Nachhaltigkeit kommt nicht bei allen an

Seit dem 2. August 2020 müssen alle Versicherungsvermittler und -makler den Kunden fragen, ob Nachhaltigkeitsaspekte beim Abschluss eines Altersvorsorgeprodukts wichtig seien oder nicht. Eine gute Anleitung hierfür ist der Fragebogen nach DIN-Norm 77230, der nach den Anforderungen der Offenlegungs- und Taxonomieverordnung konzipiert ist.

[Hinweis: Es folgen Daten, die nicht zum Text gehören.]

definition gate :: "real \<Rightarrow> site \<times> site \<Rightarrow> op" where
  "gate \<theta> e = (case e of (u,v) \<Rightarrow>
      op_exp (smult_op (- \<i> * complex_of_real (\<theta> / real (indeg v))) (pauliZ u \<circ> pauliY v)))"

definition plus_state :: "nat \<Rightarrow> state" where
  "plus_state L = (\<lambda>s. if s \<subseteq> sites L then complex_of_real (1 / sqrt (2 ^ (L^2))) else 0)"

text \<open>Gates applied in list order: the first edge of the list acts first.\<close>
definition whip :: "nat \<Rightarrow> real \<Rightarrow> state" where
  "whip L \<theta> = fold (\<lambda>e \<psi>. gate \<theta> e \<psi>) (edges L) (plus_state L)"

definition expect :: "nat \<Rightarrow> op \<Rightarrow> state \<Rightarrow> complex" where
  "expect L A \<psi> = (\<Sum>s\<in>Pow (sites L). cnj (\<psi> s) * A \<psi> s)"

definition bdry :: "nat \<Rightarrow> site set" where
  "bdry L = {v \<in> sites L. fst v \<in> {0, L-1} \<or> snd v \<in> {0, L-1}} - {(0,0), (L-1, L-1)}"

definition bdry' :: "nat \<Rightarrow> site set" where
  "bdry' L = {(L-1, b) | b. b \<le> L - 2} \<union> {(a, L-1) | a. a \<le> L - 2}"

definition Tz :: "nat \<Rightarrow> op" where
  "Tz L = Zprod (bdry L)"

definition dX :: "nat \<Rightarrow> op" where
  "dX L \<psi> = (\<lambda>s. \<Sum>i\<in>bdry' L. pauliX i \<psi> s)"

end

theory Submission
  imports Defs "HOL-Analysis.Complex_Transcendental"
begin

(* Since Z_u Y_v is an involution, each gate is
   exp(-i alpha Z_u Y_v) = cos alpha - i sin alpha Z_u Y_v.
   Replacing theta by theta + pi shifts alpha by pi for the single gate into a site on an axis,
   which multiplies it by -1, and by pi/2 for each of the two gates into an interior site
   v = (a,b), which multiplies each of them by -i Z_u Y_v.  These factors commute past the
   other gate into v and multiply to -Z_(a-1,b) Z_(a,b-1).  Such Z factors live on sites of
   level a + b smaller than that of v, so they commute with all later gates and can be
   collected in front of the state.  A site is hit once for each of its upper neighbours
   (a+1,b), (a,b+1) that is interior, which happens an odd number of times exactly on the
   boundary minus the two corners: the collected product is T up to (-1)^(L^2-1).  Finally T
   anticommutes with each X on the boundary and commutes with every Z. *)

lemma fold_concat: "fold f (concat xss) = fold (fold f) xss"
  by (induction xss) simp_all

lemma sorted_wrt_concat_map_fibres:
  assumes "sorted ks" and "\<And>k x. k \<in> set ks \<Longrightarrow> x \<in> set (g k) \<Longrightarrow> f x = k"
  shows "sorted_wrt (\<lambda>x y. f x \<le> f y) (concat (map g ks))"
  using assms
proof (induction ks)
  case (Cons k ks)
  have "sorted_wrt (\<lambda>x y. f x \<le> f y) (g k)"
    using Cons.prems(2)
    by (intro sorted_wrt_mono_rel[OF _ sorted_wrt_true]) (metis list.set_intros(1) order_refl)
  moreover have "f x \<le> f y" if "x \<in> set (g k)" "y \<in> set (concat (map g ks))" for x y
    using Cons.prems that by fastforce
  ultimately show ?case
    using Cons by (simp add: sorted_wrt_append)
qed simp

lemma distinct_concat_map_fibres:
  assumes "distinct ks" and "\<And>k. k \<in> set ks \<Longrightarrow> distinct (g k)"
    and "\<And>k x. k \<in> set ks \<Longrightarrow> x \<in> set (g k) \<Longrightarrow> f x = k"
  shows "distinct (concat (map g ks))"
  using assms by (induction ks) (auto, metis)

lemma prod_mult_prod_sym_diff:
  fixes f :: "'a \<Rightarrow> 'b :: comm_monoid_mult"
  assumes "finite A" "finite B" "\<And>x. f x * f x = 1"
  shows "prod f A * prod f B = prod f (sym_diff A B)"
proof -
  have "prod f A * prod f B = (prod f (A \<inter> B) * prod f (A \<inter> B)) * (prod f (A - B) * prod f (B - A))"
    using prod.Int_Diff[OF assms(1), of f B] prod.Int_Diff[OF assms(2), of f A]
    by (simp add: Int_commute ac_simps)
  also have "prod f (A \<inter> B) * prod f (A \<inter> B) = 1"
    by (simp add: assms(3) flip: prod.distrib)
  also have "prod f (A - B) * prod f (B - A) = prod f (sym_diff A B)"
    using assms by (intro prod.union_disjoint[symmetric]) auto
  finally show ?thesis
    by simp
qed

section \<open>Exponentials of involutions\<close>

lemma funpow_smult_op_involution:
  assumes hom: "\<And>c \<psi>. A (\<lambda>s. c * \<psi> s) = (\<lambda>s. c * A \<psi> s)"
    and inv: "\<And>\<psi>. A (A \<psi>) = \<psi>"
  shows "(smult_op c A ^^ n) \<psi> = (\<lambda>s. c ^ n * (if even n then \<psi> else A \<psi>) s)"
proof (induction n)
  case 0
  show ?case by simp
next
  case (Suc n)
  have "(smult_op c A ^^ Suc n) \<psi> = smult_op c A (\<lambda>s. c ^ n * (if even n then \<psi> else A \<psi>) s)"
    by (simp only: funpow.simps comp_apply Suc.IH)
  also have "\<dots> = (\<lambda>s. c * c ^ n * A (if even n then \<psi> else A \<psi>) s)"
    by (simp add: smult_op_def hom mult.assoc)
  also have "\<dots> = (\<lambda>s. c ^ Suc n * (if even (Suc n) then \<psi> else A \<psi>) s)"
    by (cases "even n") (simp_all add: inv)
  finally show ?case .
qed

lemma op_exp_smult_op_involution:
  assumes "\<And>c \<psi>. A (\<lambda>s. c * \<psi> s) = (\<lambda>s. c * A \<psi> s)"
    and "\<And>\<psi>. A (A \<psi>) = \<psi>"
  shows "op_exp (smult_op c A) \<psi> = (\<lambda>s. cosh c * \<psi> s + sinh c * A \<psi> s)"
proof (rule ext)
  fix s
  have "(\<lambda>n. (if even n then c ^ n /\<^sub>R fact n else 0) * \<psi> s
            + (if even n then 0 else c ^ n /\<^sub>R fact n) * A \<psi> s)
        sums (cosh c * \<psi> s + sinh c * A \<psi> s)"
    by (intro sums_add sums_mult2 cosh_converges sinh_converges)
  moreover have "(\<lambda>n. ((smult_op c A ^^ n) \<psi>) s / of_nat (fact n))
      = (\<lambda>n. (if even n then c ^ n /\<^sub>R fact n else 0) * \<psi> s
            + (if even n then 0 else c ^ n /\<^sub>R fact n) * A \<psi> s)"
    by (simp add: funpow_smult_op_involution assms scaleR_conv_of_real divide_inverse fun_eq_iff)
  ultimately show "op_exp (smult_op c A) \<psi> s = cosh c * \<psi> s + sinh c * A \<psi> s"
    unfolding op_exp_def by (simp add: sums_iff)
qed

lemma exp_i_times_nat_pi: "exp (\<i> * complex_of_real (real n * pi)) = (-1) ^ n"
proof -
  have "\<i> * complex_of_real (real n * pi) = of_nat n * (\<i> * pi)"
    by simp
  then show ?thesis
    by (simp only: exp_of_nat_mult exp_pi_i')
qed

definition zsign :: "site \<Rightarrow> site set \<Rightarrow> complex" where
  "zsign u s = (if u \<in> s then -1 else 1)"

definition diag_op :: "(site set \<Rightarrow> complex) \<Rightarrow> op" where
  "diag_op \<sigma> \<psi> = (\<lambda>s. \<sigma> s * \<psi> s)"

lemma diag_op_diag_op: "diag_op \<sigma> (diag_op \<tau> \<psi>) = diag_op (\<lambda>s. \<sigma> s * \<tau> s) \<psi>"
  by (simp add: diag_op_def fun_eq_iff)

lemma flip_flip [simp]: "flip v (flip v s) = s"
  unfolding flip_def by auto

lemma mem_flip: "u \<in> flip v s \<longleftrightarrow> (if u = v then u \<notin> s else u \<in> s)"
  unfolding flip_def by auto

lemma zsign_flip: "zsign u (flip v s) = (if u = v then - zsign u s else zsign u s)"
  unfolding zsign_def by (simp add: mem_flip)

lemma zsign_mult_self [simp]: "zsign u s * zsign u s = 1"
  unfolding zsign_def by simp

lemma cnj_zsign [simp]: "cnj (zsign u s) = zsign u s"
  unfolding zsign_def by simp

Beunruhigend sind Berichte aus dem Markt (unter anderem laut einer Umfrage des Verbandes der Versicherungskaufleute), dass drei Viertel der Vermittler die gesetzlichen Anforderungen nicht umsetzen. Sie fragen den Kunden erst gar nicht. Anscheinend gibt es unter Vermittlern einen gewissen Widerstand. Hier sollten die Versicherer Überzeugungsarbeit leisten. Denn die Finanzwirtschaft ist der beste Hebel, mit dem man die Realwirtschaft wirklich zu einem kurzfristigen Umdenken bewegen kann. Wer Nachhaltigkeit auf die leichte Schulter nimmt, sollte dann auch mit höheren Kosten bei der Kapitalbeschaffung oder beim Einkauf von Versicherungsschutz bestraft werden. Diejenigen, die sich stark bemühen, sollten belohnt werden.